> **Directions for this task**
Output nothing but the lines from the first line of the entries to the line with "t < 1 \<and>", inclusive, exactly as they read.
-------- Data to examine
definition integral_coll :: "nat \<Rightarrow> nat \<Rightarrow> nat \<Rightarrow> (nat set \<Rightarrow> (nat \<Rightarrow> nat) \<Rightarrow> real) \<Rightarrow> bool" where
  "integral_coll n d m \<Gamma> \<longleftrightarrow> (\<forall>S\<in>SA_index n m. \<forall>x\<in>asg d S. \<Gamma> S x \<in> {0, 1})"

definition SA_tight where
  "SA_tight n d m E \<theta>1 \<theta>2 \<longleftrightarrow>
     (\<exists>\<Gamma>\<in>SA_polytope n d m. integral_coll n d m \<Gamma> \<and>
        (\<forall>\<Gamma>'\<in>SA_polytope n d m. cost n d E \<theta>1 \<theta>2 \<Gamma> \<le> cost n d E \<theta>1 \<theta>2 \<Gamma>'))"

definition SA_vertices :: "nat \<Rightarrow> nat \<Rightarrow> nat \<Rightarrow> (nat set \<Rightarrow> (nat \<Rightarrow> nat) \<Rightarrow> real) set" where
  "SA_vertices n d m = {\<Gamma> \<in> SA_polytope n d m.
     \<forall>\<Gamma>1\<in>SA_polytope n d m. \<forall>\<Gamma>2\<in>SA_polytope n d m. \<forall>t::real. 0 < t \<and> t < 1 \<and>
       \<Gamma> = (\<lambda>S x. t * \<Gamma>1 S x + (1 - t) * \<Gamma>2 S x) \<longrightarrow> \<Gamma>1 = \<Gamma>2}"

definition SA_opt_vertices where
  "SA_opt_vertices n d m E \<theta>1 \<theta>2 = {V \<in> SA_vertices n d m.
     \<forall>\<Gamma>\<in>SA_polytope n d m. cost n d E \<theta>1 \<theta>2 V \<le> cost n d E \<theta>1 \<theta>2 \<Gamma>}"

definition R1 where
  "R1 n d m = Sup (norm1 n d m ` SA_polytope n d m)"

definition RH where
  "RH n d m = Sup {entropy n d m \<Gamma> - entropy n d m \<Gamma>' | \<Gamma> \<Gamma>'.
                    \<Gamma> \<in> SA_polytope n d m \<and> \<Gamma>' \<in> SA_polytope n d m}"

definition gap where
  "gap n d m E \<theta>1 \<theta>2 = Inf {cost n d E \<theta>1 \<theta>2 V1 - cost n d E \<theta>1 \<theta>2 V2 | V1 V2.
      V1 \<in> SA_vertices n d m - SA_opt_vertices n d m E \<theta>1 \<theta>2 \<and>
      V2 \<in> SA_opt_vertices n d m E \<theta>1 \<theta>2}"
(* Let $0<s<\tfrac12$ and set $$\gamma(s)=\gamma_1(s)\gamma_2(s),\qquad \gamma_1(s)=\frac{1}{2}\left(\frac{2^{1-2s}-1}{1-2^{-2s}}\right),\qquad \gamma_2(s)=\frac{2-2^{-2s}}{1-2^{-2s}}.$$ Then for every $\varphi\in\mathcal{S}(\mathcal{H})$, $$\mathcal{Q}^\delta_s(\varphi)\cdot\mathcal{E}^\delta_s(\varphi)\geq\gamma(s)\,\|\varphi\|_{L^2(\mathbb{R}^+)}^4 .$$
   Context: Let $\mathbb{R}^+=(0,\infty)$. Dyadic intervals. $\mathcal{D}$ is the family of dyadic intervals in $\mathbb{R}^+$, namely the intervals $I^j_k=(k2^{-j},(k+1)2^{-j}]$ with $j\in\mathbb{Z}$ and $k$ a nonnegative integer. Dyadic distance. For $x,y\in\mathbb{R}^+$ set $\delta(x,y)=\inf\{|I|: I\in\mathcal{D},\ x,y\in I\}$. This is a metric on $\mathbb{R}^+$. Haar system. Let $h=\chi_{(0,1/2]}-\chi_{(1/2,1]}$. The Haar system $\mathcal{H}$ consists of the functions $h_I(x)=2^{j/2}h(2^jx-k)$, one for each $I=I^j_k\in\mathcal{D}$. For $h=h_I$ write $I(h)=I$. The system $\mathcal{H}$ is an orthonormal basis of $L^2(\mathbb{R}^+)$. $\mathcal{S}(\mathcal{H})$ denotes the set of finite linear combinations (complex coefficients) of elements of $\mathcal{H}$. Quadratic forms, for functions on $\mathbb{R}^+$: $$\mathcal{E}^\delta_s(\varphi)=\iint_{(\mathbb{R}^+)^2}\frac{|\varphi(x)-\varphi(y)|^2}{\delta(x,y)^{2s}}\,\frac{dx\,dy}{\delta(x,y)},$$ $$\mathcal{Q}^\delta_s(\varphi)=\iint_{(\mathbb{R}^+)^2}\delta(x,y)^{2s}\varphi(x)\overline{\varphi(y)}\,\frac{dx\,dy}{\delta(x,y)}.$$ *)

theory Defs
  imports "HOL-Analysis.Analysis" "HOL-Library.Complex_Order"
begin

definition dyadic_interval :: "int \<Rightarrow> nat \<Rightarrow> real set" where
  "dyadic_interval j k = {real k * 2 powr (- real_of_int j) <.. (real k + 1) * 2 powr (- real_of_int j)}"

definition dyadic_family :: "real set set" where
  "dyadic_family = {dyadic_interval j k | j k. True}"

definition dyadic_dist :: "real \<Rightarrow> real \<Rightarrow> real" where
  "dyadic_dist x y = Inf {measure lborel I | I. I \<in> dyadic_family \<and> x \<in> I \<and> y \<in> I}"

definition haar_mother :: "real \<Rightarrow> real" where
  "haar_mother x = indicator {0<..1/2} x - indicator {1/2<..1} x"

definition haar :: "int \<Rightarrow> nat \<Rightarrow> real \<Rightarrow> real" where
  "haar j k x = 2 powr (real_of_int j / 2) * haar_mother (2 powr (real_of_int j) * x - real k)"

definition haar_span :: "(real \<Rightarrow> complex) set" where
  "haar_span = {\<phi>. \<exists>F c. finite (F :: (int \<times> nat) set) \<and>
       \<phi> = (\<lambda>x. \<Sum>(j,k)\<in>F. c (j,k) * complex_of_real (haar j k x))}"

definition posquad :: "(real \<times> real) set" where
  "posquad = {0<..} \<times> {0<..}"

definition energy_E :: "real \<Rightarrow> (real \<Rightarrow> complex) \<Rightarrow> real" where
  "energy_E s \<phi> = (LINT p : posquad | (lborel \<Otimes>\<^sub>M lborel).
      (cmod (\<phi> (fst p) - \<phi> (snd p)))\<^sup>2 / dyadic_dist (fst p) (snd p) powr (2 * s)
        / dyadic_dist (fst p) (snd p))"

definition form_Q :: "real \<Rightarrow> (real \<Rightarrow> complex) \<Rightarrow> complex" where
  "form_Q s \<phi> = (LINT p : posquad | (lborel \<Otimes>\<^sub>M lborel).
      complex_of_real (dyadic_dist (fst p) (snd p) powr (2 * s)) * \<phi> (fst p) * cnj (\<phi> (snd p))
        / complex_of_real (dyadic_dist (fst p) (snd p)))"

definition L2_norm_pos :: "(real \<Rightarrow> complex) \<Rightarrow> real" where
  "L2_norm_pos \<phi> = sqrt (LINT x : {0<..} | lborel. (cmod (\<phi> x))\<^sup>2)"

definition dgamma1 :: "real \<Rightarrow> real" where
  "dgamma1 s = (1/2) * ((2 powr (1 - 2 * s) - 1) / (1 - 2 powr (- (2 * s))))"

definition dgamma2 :: "real \<Rightarrow> real" where
  "dgamma2 s = (2 - 2 powr (- (2 * s))) / (1 - 2 powr (- (2 * s)))"

definition dgamma :: "real \<Rightarrow> real" where
  "dgamma s = dgamma1 s * dgamma2 s"

end

theory Submission
  imports Defs
begin

text \<open>
  For \<open>x \<noteq> y\<close> the dyadic distance is \<open>2^L\<close>, where \<open>L\<close> is the least scale at which \<open>x\<close> and
  \<open>y\<close> lie in a common dyadic cell; so for \<open>p < 0\<close> the kernel \<open>\<delta>^p\<close> telescopes into the sum over
  all scales \<open>m\<close> of \<open>(1 - 2^p) 2^(pm)\<close> times the indicator that \<open>x\<close> and \<open>y\<close> share a scale-\<open>m\<close> cell.
  Both forms thereby become series over scales in \<open>u(m) = 2^(-m) \<Sum>k |\<integral>\<^bsub>cell k\<^esub> \<phi>|^2\<close>, the squared
  norm of the scale-\<open>m\<close> cell averages of \<open>\<phi>\<close>:
  \<open>Q(\<phi>) = \<Sum>m (1 - 2^(2s-1)) 2^(2sm) u(m)\<close> and \<open>E(\<phi>) = \<Sum>m 2 (1 - 2^(-2s-1)) 2^(-2sm) (||\<phi>||^2 - u(m))\<close>.

  For a finite Haar sum, \<open>u\<close> decreases as the cells get coarser, equals \<open>||\<phi>||^2\<close> at fine scales
  (where \<open>\<phi>\<close> is constant on cells) and vanishes at coarse ones (where \<open>\<phi>\<close> has mean zero on cells).
  Hence \<open>u(m) = \<Sum>i e\<^sub>i [m \<le> m1 + i]\<close> with \<open>e\<^sub>i \<ge> 0\<close> and \<open>\<Sum>i e\<^sub>i = ||\<phi>||^2\<close>, which turns the two series
  into \<open>\<Sum>i e\<^sub>i A\<^sub>i\<close> and \<open>\<Sum>i e\<^sub>i B\<^sub>i\<close> with \<open>A\<^sub>i B\<^sub>i = \<gamma>(s)\<close> for every \<open>i\<close>. Cauchy-Schwarz concludes.
\<close>

definition dyadic_index :: "int \<Rightarrow> real \<Rightarrow> int" where
  "dyadic_index m x = \<lceil>x / 2 powr m\<rceil>"

definition same_cell :: "int \<Rightarrow> real \<Rightarrow> real \<Rightarrow> bool" where
  "same_cell m x y \<longleftrightarrow> dyadic_index m x = dyadic_index m y"

text \<open>Cells are indexed by the scale \<open>m = -j\<close> of the paper: \<open>dyadic_cell m k\<close> is \<open>I^(-m)_k\<close>,
  of length \<open>2^m\<close>, and the cell of scale \<open>m\<close> containing \<open>x > 0\<close> has index
  \<open>dyadic_index m x - 1\<close>.\<close>
definition dyadic_cell :: "int \<Rightarrow> nat \<Rightarrow> real set" where
  "dyadic_cell m k = {real k * 2 powr m <.. (real k + 1) * 2 powr m}"

lemma dyadic_interval_eq_cell: "dyadic_interval j k = dyadic_cell (- j) k"
  unfolding dyadic_interval_def dyadic_cell_def by simp

lemma mem_dyadic_cell_iff: "x \<in> dyadic_cell m k \<longleftrightarrow> dyadic_index m x = int k + 1"
proof -
  have "x \<in> dyadic_cell m k \<longleftrightarrow> real k < x / 2 powr m \<and> x / 2 powr m \<le> real k + 1"
    unfolding dyadic_cell_def by (simp add: field_simps)
  also have "\<dots> \<longleftrightarrow> dyadic_index m x = int k + 1"
    unfolding dyadic_index_def by (subst ceiling_eq_iff) auto
  finally show ?thesis .
qed

lemma dyadic_index_pos: "0 < x \<Longrightarrow> 1 \<le> dyadic_index m x"
  unfolding dyadic_index_def by (simp add: less_ceiling_iff[symmetric])

lemma dyadic_cell_pos: "x \<in> dyadic_cell m k \<Longrightarrow> 0 < x"
  unfolding dyadic_cell_def by (auto intro: le_less_trans[rotated])

lemma dyadic_index_eq_1: "0 < x \<Longrightarrow> x \<le> 2 powr m \<Longrightarrow> dyadic_index m x = 1"
  unfolding dyadic_index_def by (subst ceiling_eq_iff) (simp add: field_simps)

lemma ceiling_half_ceiling: "\<lceil>real_of_int \<lceil>t\<rceil> / 2\<rceil> = \<lceil>t / 2\<rceil>" for t :: real
proof -
  have "\<lceil>t / 2\<rceil> = - (\<lfloor>- t\<rfloor> div 2)"
    using floor_divide_real_eq_div[of 2 "- t"] by (simp add: ceiling_def)
  moreover have "\<lceil>real_of_int \<lceil>t\<rceil> / 2\<rceil> = - (\<lfloor>- t\<rfloor> div 2)"
    using floor_divide_of_int_eq[of "\<lfloor>- t\<rfloor>" 2] by (simp add: ceiling_def)
  ultimately show ?thesis by simp
qed

lemma dyadic_index_succ: "dyadic_index (m + 1) x = \<lceil>real_of_int (dyadic_index m x) / 2\<rceil>"
proof -
  have "2 powr real_of_int (m + 1) = 2 powr m * 2"
    by (simp add: powr_add)
  then have "x / 2 powr real_of_int (m + 1) = (x / 2 powr m) / 2"
    by (simp only: divide_divide_eq_left)
  then show ?thesis unfolding dyadic_index_def by (simp only: ceiling_half_ceiling)
qed

lemma same_cell_mono:
  assumes "same_cell m x y" "m \<le> m'"
  shows "same_cell m' x y"
  using assms(2)
  by (induction rule: int_ge_induct) (use assms(1) in \<open>auto simp: same_cell_def dyadic_index_succ\<close>)

lemma same_cell_if_le_powr:
  "0 < x \<Longrightarrow> 0 < y \<Longrightarrow> x \<le> 2 powr m \<Longrightarrow> y \<le> 2 powr m \<Longrightarrow> same_cell m x y"
  by (simp add: same_cell_def dyadic_index_eq_1)

lemma same_cell_dist_less: "same_cell m x y \<Longrightarrow> \<bar>x - y\<bar> < 2 powr m"
  unfolding same_cell_def dyadic_index_def
  by (smt (verit, best) ceiling_correct ceiling_less_iff diff_divide_distrib le_divide_eq_1_pos
      less_ceiling_iff powr_gt_zero)

lemma ex_powr_int_ge: "\<exists>m::int. r \<le> 2 powr m"
proof -
  obtain n :: nat where "r < 2 ^ n" using real_arch_pow[of 2 r] by auto
  then show ?thesis by (intro exI[of _ "int n"]) (simp add: powr_realpow)
qed

lemma ex_powr_int_less: "0 < r \<Longrightarrow> \<exists>m::int. 2 powr m < r"
proof -
  assume "0 < r"
  then obtain n :: nat where "(1 / 2) ^ n < r" using real_arch_pow_inv[of r "1 / 2"] by auto
  then show ?thesis
    by (intro exI[of _ "- int n"]) (simp add: powr_minus_divide powr_realpow power_one_over)
qed

lemma int_upward_closed_threshold:
  fixes P :: "int \<Rightarrow> bool"
  assumes up: "\<And>m. P m \<Longrightarrow> P (m + 1)" and "P m0" and bounded: "\<And>m. P m \<Longrightarrow> b \<le> m"
  obtains L where "\<And>m. P m \<longleftrightarrow> L \<le> m"
proof -
  have P_mono: "P m'" if "P m" "m \<le> m'" for m m'
    using that(2) by (induction rule: int_ge_induct) (auto intro: up simp: that(1))
  define n0 where "n0 = (LEAST n. P (b + int n))"
  have "P (b + int (nat (m0 - b)))" using \<open>P m0\<close> bounded[OF \<open>P m0\<close>] by simp
  then have "P (b + int n0)" unfolding n0_def by (rule LeastI)
  moreover have "b + int n0 \<le> m" if "P m" for m
  proof -
    have "n0 \<le> nat (m - b)" unfolding n0_def using that bounded[OF that] by (intro Least_le) simp
    then show ?thesis using bounded[OF that] by linarith
  qed
  ultimately show ?thesis using P_mono that by blast
qed

lemma dyadic_lengths_eq:
  assumes "0 < x" "0 < y"
  shows "{measure lborel I | I. I \<in> dyadic_family \<and> x \<in> I \<and> y \<in> I} = {2 powr m | m. same_cell m x y}"
proof (intro equalityI subsetI)
  fix r assume "r \<in> {measure lborel I | I. I \<in> dyadic_family \<and> x \<in> I \<and> y \<in> I}"
  then obtain j k where r: "r = measure lborel (dyadic_cell (- j) k)"
    and "x \<in> dyadic_cell (- j) k" "y \<in> dyadic_cell (- j) k"
    unfolding dyadic_family_def dyadic_interval_eq_cell by auto
  then have "same_cell (- j) x y" by (simp add: same_cell_def mem_dyadic_cell_iff)
  moreover have "r = 2 powr (- j)" unfolding r dyadic_cell_def by (simp add: algebra_simps)
  ultimately show "r \<in> {2 powr m | m. same_cell m x y}" by blast
next
  fix r assume "r \<in> {2 powr m | m. same_cell m x y}"
  then obtain m where r: "r = 2 powr m" and "same_cell m x y" by blast
  define k where "k = nat (dyadic_index m x - 1)"
  have "dyadic_index m x = int k + 1" using dyadic_index_pos[OF assms(1), of m] unfolding k_def by simp
  then have "x \<in> dyadic_interval (- m) k" "y \<in> dyadic_interval (- m) k"
    using \<open>same_cell m x y\<close> by (simp_all add: dyadic_interval_eq_cell mem_dyadic_cell_iff same_cell_def)
  moreover have "r = measure lborel (dyadic_interval (- m) k)"
    unfolding r dyadic_interval_def by (simp add: algebra_simps)
  ultimately show "r \<in> {measure lborel I | I. I \<in> dyadic_family \<and> x \<in> I \<and> y \<in> I}"
    unfolding dyadic_family_def by blast
qed

lemma dyadic_dist_level:
  assumes "0 < x" "0 < y" "x \<noteq> y"
  obtains L :: int where "\<And>m. same_cell m x y \<longleftrightarrow> L \<le> m" and "dyadic_dist x y = 2 powr L"
proof -
  obtain m0 :: int where "max x y \<le> 2 powr m0" using ex_powr_int_ge by blast
  then have "same_cell m0 x y" using assms by (intro same_cell_if_le_powr) auto
  obtain b :: int where b: "2 powr b < \<bar>x - y\<bar>" using ex_powr_int_less assms by force
  have up: "same_cell (m + 1) x y" if "same_cell m x y" for m
    using same_cell_mono[OF that] by simp
  have bounded: "b \<le> m" if "same_cell m x y" for m
    using same_cell_dist_less[OF that] b by (smt (verit) powr_less_cancel_iff of_int_le_iff)
  obtain L where L: "\<And>m. same_cell m x y \<longleftrightarrow> L \<le> m"
    using int_upward_closed_threshold[of "\<lambda>m. same_cell m x y", OF up \<open>same_cell m0 x y\<close> bounded]
    by blast
  have "dyadic_dist x y = Inf {2 powr m | m. same_cell m x y}"
    unfolding dyadic_dist_def dyadic_lengths_eq[OF assms(1,2)] ..
  also have "\<dots> = 2 powr L"
    using L by (intro cInf_eq_minimum) auto
  finally show ?thesis using L that by blast
qed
----------------
> **Task answer**
definition integral_coll :: "nat \<Rightarrow> nat \<Rightarrow> nat \<Rightarrow> (nat set \<Rightarrow> (nat \<Rightarrow> nat) \<Rightarrow> real) \<Rightarrow> bool" where
  "integral_coll n d m \<Gamma> \<longleftrightarrow> (\<forall>S\<in>SA_index n m. \<forall>x\<in>asg d S. \<Gamma> S x \<in> {0, 1})"

definition SA_tight where
  "SA_tight n d m E \<theta>1 \<theta>2 \<longleftrightarrow>
     (\<exists>\<Gamma>\<in>SA_polytope n d m. integral_coll n d m \<Gamma> \<and>
        (\<forall>\<Gamma>'\<in>SA_polytope n d m. cost n d E \<theta>1 \<theta>2 \<Gamma> \<le> cost n d E \<theta>1 \<theta>2 \<Gamma>'))"

definition SA_vertices :: "nat \<Rightarrow> nat \<Rightarrow> nat \<Rightarrow> (nat set \<Rightarrow> (nat \<Rightarrow> nat) \<Rightarrow> real) set" where
  "SA_vertices n d m = {\<Gamma> \<in> SA_polytope n d m.
     \<forall>\<Gamma>1\<in>SA_polytope n d m. \<forall>\<Gamma>2\<in>SA_polytope n d m. \<forall>t::real. 0 < t \<and> t < 1 \<and>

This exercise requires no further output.